WHAT THE EXERCISE ASKS — Work out how many lines in the data that follows contain "undefined". Write nothing but the number.

====== DATA SHOWN ======

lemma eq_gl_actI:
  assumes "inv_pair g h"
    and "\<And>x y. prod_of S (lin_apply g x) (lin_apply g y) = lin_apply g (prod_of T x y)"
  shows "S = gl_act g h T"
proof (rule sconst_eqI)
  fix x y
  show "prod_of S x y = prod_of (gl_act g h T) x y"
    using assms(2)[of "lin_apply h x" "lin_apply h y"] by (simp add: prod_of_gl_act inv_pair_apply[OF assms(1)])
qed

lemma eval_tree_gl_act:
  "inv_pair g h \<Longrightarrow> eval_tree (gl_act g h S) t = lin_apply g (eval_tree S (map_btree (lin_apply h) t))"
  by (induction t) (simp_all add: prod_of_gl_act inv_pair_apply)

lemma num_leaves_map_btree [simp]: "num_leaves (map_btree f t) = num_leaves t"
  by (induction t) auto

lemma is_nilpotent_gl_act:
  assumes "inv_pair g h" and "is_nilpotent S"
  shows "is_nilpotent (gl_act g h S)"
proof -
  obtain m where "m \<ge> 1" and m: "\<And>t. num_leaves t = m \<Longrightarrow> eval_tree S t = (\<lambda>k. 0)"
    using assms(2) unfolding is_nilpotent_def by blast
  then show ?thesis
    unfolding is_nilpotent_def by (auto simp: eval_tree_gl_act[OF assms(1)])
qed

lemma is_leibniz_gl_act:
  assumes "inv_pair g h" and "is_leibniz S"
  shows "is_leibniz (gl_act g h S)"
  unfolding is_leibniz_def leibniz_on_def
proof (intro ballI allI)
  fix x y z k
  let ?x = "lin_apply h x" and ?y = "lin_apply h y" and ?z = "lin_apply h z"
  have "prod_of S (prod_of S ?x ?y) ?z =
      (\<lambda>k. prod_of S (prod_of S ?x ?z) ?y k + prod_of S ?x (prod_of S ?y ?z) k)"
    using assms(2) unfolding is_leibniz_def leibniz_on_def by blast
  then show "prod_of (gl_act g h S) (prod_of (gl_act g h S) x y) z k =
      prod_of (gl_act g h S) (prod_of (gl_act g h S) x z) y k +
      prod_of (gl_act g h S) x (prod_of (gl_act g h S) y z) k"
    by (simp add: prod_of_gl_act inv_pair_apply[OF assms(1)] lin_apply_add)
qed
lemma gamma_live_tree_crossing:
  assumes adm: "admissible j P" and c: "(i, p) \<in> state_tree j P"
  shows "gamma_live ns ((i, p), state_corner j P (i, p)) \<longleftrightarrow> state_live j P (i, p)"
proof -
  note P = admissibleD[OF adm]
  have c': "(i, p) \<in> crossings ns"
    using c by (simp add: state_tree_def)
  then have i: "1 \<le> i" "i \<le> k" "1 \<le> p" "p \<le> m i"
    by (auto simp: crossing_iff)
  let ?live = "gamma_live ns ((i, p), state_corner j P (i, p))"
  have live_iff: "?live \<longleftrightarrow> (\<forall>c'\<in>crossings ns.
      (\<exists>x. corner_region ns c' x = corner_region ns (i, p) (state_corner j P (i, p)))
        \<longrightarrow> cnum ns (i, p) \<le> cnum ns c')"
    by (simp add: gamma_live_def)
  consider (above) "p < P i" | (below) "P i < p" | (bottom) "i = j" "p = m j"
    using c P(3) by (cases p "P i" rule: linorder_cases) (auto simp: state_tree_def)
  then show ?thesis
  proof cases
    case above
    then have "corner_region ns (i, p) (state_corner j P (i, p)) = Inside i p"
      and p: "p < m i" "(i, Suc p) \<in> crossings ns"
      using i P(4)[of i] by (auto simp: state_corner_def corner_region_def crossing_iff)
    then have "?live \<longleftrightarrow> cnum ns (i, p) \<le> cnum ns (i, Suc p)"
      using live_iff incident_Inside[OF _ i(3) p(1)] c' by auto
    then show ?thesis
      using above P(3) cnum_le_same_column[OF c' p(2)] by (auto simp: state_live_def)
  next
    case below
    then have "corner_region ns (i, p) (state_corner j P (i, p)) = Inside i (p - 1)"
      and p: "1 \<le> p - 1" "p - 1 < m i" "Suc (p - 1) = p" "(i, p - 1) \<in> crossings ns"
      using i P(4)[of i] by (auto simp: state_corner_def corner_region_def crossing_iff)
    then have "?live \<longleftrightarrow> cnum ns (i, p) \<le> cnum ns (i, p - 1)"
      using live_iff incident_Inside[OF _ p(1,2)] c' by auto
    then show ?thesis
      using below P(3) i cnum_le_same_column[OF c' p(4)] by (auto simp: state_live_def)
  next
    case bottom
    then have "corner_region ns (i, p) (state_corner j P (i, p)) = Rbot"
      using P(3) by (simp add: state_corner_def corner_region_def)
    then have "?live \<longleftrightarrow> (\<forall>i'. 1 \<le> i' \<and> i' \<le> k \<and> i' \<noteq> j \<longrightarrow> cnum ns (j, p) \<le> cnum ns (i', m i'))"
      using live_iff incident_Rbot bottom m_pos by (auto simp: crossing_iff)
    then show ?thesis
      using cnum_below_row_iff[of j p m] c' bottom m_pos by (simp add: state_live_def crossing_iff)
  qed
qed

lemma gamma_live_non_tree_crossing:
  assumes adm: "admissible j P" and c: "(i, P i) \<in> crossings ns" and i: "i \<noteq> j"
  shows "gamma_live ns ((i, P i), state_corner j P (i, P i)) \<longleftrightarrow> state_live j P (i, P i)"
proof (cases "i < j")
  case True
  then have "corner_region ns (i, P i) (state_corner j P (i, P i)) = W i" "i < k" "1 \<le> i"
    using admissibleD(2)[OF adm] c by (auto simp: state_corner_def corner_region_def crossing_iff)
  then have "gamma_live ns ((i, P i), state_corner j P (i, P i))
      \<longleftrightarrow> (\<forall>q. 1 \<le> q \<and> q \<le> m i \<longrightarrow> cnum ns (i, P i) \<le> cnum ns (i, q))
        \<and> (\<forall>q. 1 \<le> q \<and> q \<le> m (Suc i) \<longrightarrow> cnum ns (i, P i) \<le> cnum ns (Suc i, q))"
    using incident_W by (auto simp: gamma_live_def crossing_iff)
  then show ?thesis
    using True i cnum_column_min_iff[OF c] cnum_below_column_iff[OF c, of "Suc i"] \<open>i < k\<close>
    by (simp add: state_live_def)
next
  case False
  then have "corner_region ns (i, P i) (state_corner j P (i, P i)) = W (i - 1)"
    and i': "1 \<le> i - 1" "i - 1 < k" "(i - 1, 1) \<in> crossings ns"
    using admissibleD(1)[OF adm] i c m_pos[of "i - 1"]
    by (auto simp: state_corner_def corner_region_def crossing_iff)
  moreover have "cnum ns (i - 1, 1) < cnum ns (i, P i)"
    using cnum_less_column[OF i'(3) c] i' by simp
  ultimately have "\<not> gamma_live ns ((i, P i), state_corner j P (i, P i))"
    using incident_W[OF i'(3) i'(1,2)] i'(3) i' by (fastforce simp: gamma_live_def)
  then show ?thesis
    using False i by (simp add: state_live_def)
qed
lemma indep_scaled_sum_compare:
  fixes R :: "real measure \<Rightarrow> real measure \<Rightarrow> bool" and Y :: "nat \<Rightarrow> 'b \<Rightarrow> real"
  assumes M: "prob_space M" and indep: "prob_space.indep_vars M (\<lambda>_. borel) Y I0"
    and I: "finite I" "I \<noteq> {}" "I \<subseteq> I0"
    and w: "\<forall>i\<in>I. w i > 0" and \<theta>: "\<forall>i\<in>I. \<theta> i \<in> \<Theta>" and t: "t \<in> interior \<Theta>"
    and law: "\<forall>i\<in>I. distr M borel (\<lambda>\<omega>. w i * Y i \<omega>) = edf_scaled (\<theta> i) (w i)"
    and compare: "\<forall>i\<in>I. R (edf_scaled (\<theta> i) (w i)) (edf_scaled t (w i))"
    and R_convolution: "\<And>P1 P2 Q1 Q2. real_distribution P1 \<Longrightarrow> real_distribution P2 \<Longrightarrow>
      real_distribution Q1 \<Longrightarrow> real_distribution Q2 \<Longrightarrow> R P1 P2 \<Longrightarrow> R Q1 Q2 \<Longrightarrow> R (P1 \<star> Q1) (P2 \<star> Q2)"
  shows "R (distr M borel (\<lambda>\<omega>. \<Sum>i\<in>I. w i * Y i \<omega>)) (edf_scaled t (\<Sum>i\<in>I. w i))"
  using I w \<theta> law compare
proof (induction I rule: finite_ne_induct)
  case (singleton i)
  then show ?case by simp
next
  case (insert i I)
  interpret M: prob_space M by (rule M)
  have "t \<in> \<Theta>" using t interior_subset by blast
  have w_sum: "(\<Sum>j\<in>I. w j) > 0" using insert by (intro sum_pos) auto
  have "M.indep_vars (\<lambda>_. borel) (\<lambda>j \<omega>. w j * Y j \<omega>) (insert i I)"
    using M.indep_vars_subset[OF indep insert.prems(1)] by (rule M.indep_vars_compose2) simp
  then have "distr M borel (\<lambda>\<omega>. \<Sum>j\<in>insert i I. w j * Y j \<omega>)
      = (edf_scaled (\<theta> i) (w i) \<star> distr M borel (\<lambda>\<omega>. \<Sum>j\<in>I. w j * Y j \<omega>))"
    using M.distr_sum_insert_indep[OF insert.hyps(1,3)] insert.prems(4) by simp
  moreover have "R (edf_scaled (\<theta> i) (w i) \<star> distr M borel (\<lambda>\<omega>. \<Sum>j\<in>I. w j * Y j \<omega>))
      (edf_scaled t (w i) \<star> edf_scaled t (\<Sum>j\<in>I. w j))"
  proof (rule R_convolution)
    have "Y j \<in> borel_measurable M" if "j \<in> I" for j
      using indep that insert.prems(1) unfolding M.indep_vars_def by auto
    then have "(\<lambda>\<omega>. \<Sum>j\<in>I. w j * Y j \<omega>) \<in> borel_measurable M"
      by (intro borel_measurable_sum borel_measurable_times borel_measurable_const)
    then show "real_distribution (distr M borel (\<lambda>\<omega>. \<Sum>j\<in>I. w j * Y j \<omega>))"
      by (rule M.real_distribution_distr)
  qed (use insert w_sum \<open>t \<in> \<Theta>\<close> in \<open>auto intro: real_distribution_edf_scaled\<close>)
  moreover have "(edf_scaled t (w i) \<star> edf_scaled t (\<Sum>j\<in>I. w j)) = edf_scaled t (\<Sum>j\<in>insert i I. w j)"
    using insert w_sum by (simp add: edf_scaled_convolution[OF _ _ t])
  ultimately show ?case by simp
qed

======
====== DATA SHOWN ======

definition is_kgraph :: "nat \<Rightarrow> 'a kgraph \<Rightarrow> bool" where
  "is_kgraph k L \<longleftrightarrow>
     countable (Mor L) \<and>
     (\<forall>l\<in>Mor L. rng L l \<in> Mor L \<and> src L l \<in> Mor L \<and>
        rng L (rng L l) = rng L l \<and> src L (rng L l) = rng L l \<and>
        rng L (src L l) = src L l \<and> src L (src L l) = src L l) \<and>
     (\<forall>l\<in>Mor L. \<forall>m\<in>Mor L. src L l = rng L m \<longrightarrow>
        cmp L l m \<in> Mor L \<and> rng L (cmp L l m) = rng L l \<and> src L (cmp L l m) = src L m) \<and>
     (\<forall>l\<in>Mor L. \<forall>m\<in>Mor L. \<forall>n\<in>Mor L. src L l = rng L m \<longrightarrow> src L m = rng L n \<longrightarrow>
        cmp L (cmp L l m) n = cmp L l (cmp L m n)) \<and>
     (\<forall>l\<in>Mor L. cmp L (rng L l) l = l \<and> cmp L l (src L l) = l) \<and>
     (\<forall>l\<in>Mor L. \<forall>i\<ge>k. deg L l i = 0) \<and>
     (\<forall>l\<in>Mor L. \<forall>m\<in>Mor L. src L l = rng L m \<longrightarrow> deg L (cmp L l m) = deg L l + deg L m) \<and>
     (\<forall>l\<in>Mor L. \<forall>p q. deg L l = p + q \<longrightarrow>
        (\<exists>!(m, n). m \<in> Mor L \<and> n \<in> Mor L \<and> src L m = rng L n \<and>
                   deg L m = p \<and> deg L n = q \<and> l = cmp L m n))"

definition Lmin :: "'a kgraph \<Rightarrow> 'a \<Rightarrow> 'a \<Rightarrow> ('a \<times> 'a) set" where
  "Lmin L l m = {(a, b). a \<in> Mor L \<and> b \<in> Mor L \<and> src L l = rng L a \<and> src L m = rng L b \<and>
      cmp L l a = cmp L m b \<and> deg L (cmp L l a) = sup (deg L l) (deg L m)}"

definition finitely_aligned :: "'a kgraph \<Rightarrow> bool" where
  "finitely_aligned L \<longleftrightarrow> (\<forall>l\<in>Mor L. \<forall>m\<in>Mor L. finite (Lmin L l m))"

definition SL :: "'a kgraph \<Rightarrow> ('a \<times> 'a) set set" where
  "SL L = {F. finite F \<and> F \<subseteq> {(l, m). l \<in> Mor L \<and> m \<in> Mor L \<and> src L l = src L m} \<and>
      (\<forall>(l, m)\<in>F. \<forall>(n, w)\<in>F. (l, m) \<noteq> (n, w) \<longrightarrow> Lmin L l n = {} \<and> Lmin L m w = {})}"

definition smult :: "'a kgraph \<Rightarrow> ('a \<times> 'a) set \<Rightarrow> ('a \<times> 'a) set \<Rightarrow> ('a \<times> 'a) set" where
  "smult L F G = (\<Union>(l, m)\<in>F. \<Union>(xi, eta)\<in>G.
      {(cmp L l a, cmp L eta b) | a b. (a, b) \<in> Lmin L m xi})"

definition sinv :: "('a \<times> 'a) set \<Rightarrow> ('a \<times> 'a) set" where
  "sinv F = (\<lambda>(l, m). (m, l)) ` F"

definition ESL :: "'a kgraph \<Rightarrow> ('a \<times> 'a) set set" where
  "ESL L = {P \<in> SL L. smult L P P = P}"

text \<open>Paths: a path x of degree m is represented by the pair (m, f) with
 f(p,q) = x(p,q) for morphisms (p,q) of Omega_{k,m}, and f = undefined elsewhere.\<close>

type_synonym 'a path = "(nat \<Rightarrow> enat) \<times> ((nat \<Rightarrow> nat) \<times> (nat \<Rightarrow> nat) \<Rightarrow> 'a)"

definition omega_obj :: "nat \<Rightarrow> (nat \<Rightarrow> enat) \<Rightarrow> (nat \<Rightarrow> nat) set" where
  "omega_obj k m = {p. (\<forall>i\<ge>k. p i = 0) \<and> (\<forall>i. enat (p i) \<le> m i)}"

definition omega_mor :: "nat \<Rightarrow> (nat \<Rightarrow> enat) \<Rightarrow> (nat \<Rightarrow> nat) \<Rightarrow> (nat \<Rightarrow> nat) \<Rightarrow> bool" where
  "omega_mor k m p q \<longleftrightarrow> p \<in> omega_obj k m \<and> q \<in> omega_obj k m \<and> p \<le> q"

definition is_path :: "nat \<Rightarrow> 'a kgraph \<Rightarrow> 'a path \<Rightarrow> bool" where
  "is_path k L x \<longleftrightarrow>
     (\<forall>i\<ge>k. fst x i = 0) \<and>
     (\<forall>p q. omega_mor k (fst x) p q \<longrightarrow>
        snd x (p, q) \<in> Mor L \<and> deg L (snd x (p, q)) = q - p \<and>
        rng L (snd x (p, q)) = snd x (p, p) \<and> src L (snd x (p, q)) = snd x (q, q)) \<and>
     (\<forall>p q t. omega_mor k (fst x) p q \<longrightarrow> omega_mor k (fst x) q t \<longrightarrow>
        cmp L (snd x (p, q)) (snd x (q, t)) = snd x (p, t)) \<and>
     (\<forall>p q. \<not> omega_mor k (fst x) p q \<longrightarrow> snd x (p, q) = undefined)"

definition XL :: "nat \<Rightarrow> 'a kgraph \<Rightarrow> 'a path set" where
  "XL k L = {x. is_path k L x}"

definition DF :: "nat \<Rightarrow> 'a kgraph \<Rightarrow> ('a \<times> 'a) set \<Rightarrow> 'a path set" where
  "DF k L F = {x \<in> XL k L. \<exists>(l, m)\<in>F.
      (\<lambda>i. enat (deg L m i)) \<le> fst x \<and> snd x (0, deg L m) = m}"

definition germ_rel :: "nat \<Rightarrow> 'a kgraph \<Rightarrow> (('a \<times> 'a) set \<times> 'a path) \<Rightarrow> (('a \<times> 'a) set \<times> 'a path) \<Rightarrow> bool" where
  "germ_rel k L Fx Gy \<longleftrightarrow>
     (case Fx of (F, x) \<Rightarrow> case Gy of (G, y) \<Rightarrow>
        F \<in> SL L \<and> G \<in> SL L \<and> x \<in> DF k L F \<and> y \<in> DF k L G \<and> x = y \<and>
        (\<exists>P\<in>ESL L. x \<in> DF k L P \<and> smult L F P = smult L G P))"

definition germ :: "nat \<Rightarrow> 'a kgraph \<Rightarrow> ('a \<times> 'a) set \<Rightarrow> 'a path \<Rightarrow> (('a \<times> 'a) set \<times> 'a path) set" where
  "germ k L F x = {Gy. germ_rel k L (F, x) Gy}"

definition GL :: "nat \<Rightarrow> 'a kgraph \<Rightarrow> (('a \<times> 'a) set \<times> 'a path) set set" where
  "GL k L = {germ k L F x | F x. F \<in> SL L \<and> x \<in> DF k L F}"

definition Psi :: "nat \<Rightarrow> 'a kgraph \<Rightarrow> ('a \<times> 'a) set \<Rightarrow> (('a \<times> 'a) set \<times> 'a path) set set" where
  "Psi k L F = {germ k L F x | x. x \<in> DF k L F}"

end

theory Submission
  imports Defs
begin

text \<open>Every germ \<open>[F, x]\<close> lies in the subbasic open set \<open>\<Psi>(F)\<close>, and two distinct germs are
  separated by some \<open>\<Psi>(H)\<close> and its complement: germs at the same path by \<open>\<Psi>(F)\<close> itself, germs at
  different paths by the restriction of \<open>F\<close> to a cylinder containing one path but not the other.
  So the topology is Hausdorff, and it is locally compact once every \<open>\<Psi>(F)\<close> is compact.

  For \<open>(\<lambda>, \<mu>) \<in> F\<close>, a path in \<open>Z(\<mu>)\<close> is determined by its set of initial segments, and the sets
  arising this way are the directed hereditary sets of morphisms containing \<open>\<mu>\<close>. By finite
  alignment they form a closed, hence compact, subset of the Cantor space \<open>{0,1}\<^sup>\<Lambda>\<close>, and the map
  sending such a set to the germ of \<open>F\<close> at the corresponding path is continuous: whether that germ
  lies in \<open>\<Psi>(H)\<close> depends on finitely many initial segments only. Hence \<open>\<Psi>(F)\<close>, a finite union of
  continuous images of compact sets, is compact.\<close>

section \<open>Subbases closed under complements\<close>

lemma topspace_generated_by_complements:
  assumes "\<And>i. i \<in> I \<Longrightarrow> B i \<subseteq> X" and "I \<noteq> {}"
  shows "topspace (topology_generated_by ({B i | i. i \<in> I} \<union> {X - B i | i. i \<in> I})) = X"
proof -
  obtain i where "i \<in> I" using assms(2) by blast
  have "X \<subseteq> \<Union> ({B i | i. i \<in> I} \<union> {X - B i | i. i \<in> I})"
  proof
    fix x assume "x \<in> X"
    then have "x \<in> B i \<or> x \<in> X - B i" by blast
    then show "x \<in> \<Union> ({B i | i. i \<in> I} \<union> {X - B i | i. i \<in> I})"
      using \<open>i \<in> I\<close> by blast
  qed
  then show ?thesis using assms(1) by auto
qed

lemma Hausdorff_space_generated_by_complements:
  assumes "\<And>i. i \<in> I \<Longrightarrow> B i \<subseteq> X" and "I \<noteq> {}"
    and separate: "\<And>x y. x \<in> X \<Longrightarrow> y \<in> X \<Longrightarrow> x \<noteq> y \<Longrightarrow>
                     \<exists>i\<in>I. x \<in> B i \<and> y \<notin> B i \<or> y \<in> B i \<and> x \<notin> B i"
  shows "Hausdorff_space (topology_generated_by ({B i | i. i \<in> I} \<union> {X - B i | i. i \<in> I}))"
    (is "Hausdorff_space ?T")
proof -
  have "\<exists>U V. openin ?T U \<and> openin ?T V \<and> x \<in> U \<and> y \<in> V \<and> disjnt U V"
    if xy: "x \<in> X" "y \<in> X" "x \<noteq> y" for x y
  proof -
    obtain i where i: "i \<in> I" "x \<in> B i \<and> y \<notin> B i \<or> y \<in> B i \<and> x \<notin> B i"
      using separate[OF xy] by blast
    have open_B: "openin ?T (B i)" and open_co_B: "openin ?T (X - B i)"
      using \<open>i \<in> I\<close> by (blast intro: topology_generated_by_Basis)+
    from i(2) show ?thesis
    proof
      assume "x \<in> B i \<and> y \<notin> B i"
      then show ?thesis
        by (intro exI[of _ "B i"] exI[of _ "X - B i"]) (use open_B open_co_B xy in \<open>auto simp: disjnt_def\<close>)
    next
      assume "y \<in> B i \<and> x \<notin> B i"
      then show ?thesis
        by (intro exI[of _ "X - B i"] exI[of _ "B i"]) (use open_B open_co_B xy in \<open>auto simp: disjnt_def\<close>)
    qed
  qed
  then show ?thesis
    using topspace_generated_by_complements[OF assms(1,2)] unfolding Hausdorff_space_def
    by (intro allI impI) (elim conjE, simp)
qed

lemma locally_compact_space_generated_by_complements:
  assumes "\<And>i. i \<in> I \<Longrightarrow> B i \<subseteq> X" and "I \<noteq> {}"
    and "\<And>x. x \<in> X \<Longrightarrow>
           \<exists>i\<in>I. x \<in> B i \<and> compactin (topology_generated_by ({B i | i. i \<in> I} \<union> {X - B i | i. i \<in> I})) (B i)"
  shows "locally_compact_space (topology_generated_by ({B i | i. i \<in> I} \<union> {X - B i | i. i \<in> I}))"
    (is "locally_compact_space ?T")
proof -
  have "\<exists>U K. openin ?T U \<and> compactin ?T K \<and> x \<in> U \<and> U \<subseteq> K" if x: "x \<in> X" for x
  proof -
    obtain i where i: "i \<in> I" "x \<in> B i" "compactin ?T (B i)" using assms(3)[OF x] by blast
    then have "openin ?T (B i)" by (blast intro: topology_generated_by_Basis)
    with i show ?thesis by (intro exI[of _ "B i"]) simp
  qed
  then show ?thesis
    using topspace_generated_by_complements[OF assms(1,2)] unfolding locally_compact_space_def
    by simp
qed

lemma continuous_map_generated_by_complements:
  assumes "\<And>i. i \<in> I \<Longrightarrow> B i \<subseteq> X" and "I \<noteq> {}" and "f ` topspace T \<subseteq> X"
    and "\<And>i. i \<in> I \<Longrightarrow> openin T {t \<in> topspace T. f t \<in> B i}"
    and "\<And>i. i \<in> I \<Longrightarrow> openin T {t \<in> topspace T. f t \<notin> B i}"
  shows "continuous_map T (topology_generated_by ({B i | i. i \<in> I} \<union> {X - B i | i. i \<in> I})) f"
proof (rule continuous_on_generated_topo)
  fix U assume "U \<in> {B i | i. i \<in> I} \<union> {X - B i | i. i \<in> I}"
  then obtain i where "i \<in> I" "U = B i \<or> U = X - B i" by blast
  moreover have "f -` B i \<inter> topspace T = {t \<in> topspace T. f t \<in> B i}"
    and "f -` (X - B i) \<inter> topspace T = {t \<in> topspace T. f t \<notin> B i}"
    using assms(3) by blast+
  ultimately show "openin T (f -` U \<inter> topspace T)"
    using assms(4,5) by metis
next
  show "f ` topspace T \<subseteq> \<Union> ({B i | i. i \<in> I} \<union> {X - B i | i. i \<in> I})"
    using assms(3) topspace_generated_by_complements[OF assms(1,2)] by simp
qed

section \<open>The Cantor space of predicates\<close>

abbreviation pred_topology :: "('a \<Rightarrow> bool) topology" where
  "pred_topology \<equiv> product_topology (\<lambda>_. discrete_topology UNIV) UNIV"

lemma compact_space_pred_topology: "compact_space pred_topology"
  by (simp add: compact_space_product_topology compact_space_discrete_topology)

======
====== DATA SHOWN ======

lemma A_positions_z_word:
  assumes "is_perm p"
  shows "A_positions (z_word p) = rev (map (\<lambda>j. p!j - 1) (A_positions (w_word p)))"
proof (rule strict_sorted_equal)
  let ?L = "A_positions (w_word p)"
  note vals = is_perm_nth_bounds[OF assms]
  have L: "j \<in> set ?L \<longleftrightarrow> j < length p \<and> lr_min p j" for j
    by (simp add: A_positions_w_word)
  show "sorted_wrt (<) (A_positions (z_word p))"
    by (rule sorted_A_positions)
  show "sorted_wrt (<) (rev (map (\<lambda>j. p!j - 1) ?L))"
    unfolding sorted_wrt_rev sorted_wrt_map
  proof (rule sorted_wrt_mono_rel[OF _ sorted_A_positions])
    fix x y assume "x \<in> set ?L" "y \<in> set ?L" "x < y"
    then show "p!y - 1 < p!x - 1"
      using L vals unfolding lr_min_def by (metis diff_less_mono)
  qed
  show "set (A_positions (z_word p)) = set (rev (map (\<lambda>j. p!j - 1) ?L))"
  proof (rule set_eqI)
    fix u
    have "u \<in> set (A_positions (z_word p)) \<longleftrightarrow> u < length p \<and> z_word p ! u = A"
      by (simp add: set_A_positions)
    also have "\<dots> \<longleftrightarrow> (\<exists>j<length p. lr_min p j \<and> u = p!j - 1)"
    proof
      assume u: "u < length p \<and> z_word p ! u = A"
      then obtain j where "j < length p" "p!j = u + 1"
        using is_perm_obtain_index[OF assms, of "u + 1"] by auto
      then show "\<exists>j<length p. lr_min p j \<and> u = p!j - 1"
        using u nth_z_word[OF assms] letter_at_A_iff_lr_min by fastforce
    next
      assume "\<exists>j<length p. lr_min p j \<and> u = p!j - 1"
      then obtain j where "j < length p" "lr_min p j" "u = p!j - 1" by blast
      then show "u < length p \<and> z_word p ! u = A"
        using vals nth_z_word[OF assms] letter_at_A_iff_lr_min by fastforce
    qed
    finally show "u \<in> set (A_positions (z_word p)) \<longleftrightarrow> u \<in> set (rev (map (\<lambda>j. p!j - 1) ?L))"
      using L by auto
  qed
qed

======

RESULT OF THE EXERCISE — 2